TASK INSTRUCTIONS
Please transcribe the listing below exactly, but only from the line containing "with assms(1,2) show False" through its last line.
************
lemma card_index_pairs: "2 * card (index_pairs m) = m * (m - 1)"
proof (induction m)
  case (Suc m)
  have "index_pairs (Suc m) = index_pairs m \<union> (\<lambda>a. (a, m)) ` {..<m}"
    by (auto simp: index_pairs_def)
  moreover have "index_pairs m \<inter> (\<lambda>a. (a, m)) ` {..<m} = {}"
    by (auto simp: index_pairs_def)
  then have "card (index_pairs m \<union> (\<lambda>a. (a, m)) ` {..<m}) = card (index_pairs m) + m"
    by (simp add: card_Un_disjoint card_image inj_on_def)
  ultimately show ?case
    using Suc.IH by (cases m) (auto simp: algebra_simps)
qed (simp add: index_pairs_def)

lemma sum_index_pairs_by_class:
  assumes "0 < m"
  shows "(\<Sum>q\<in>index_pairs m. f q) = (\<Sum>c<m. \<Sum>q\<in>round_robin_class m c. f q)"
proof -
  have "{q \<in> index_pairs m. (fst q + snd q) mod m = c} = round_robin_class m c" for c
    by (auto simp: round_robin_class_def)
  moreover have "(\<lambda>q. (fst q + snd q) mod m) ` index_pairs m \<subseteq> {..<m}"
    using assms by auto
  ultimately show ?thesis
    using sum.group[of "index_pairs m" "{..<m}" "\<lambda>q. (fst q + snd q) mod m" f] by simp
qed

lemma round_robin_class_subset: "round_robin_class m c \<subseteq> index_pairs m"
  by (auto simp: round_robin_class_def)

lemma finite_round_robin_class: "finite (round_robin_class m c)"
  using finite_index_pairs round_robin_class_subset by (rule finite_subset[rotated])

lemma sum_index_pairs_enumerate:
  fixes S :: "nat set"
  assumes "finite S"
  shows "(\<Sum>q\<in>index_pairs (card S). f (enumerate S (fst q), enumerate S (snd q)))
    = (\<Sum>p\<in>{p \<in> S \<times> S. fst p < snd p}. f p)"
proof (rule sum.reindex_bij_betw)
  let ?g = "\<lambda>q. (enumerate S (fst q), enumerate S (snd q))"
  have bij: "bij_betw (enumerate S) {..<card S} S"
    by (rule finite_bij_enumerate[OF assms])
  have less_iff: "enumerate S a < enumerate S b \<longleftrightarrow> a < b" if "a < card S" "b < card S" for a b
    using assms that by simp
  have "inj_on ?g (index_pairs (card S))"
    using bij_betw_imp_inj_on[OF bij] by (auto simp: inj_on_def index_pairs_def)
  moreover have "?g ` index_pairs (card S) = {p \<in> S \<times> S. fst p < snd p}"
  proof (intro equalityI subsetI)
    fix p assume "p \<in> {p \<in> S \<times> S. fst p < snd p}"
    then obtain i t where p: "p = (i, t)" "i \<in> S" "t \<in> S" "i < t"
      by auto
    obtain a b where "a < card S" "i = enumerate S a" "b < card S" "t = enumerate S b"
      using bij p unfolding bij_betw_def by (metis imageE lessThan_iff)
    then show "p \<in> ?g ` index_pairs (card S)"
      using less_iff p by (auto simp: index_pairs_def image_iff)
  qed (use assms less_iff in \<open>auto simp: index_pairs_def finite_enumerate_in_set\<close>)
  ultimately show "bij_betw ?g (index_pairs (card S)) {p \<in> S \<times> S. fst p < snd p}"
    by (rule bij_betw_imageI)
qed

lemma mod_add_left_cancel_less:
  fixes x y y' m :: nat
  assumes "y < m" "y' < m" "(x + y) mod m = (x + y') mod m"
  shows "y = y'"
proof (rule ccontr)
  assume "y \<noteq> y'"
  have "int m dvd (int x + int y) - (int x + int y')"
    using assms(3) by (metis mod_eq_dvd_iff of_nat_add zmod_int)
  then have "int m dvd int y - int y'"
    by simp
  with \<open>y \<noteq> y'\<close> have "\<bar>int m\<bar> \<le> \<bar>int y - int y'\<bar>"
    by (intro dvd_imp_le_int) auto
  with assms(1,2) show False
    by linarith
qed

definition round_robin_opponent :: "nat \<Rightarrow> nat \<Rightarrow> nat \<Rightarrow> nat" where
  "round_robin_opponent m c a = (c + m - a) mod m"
************
RESPONSE BELOW
  with assms(1,2) show False
    by linarith
qed

definition round_robin_opponent :: "nat \<Rightarrow> nat \<Rightarrow> nat \<Rightarrow> nat" where
  "round_robin_opponent m c a = (c + m - a) mod m"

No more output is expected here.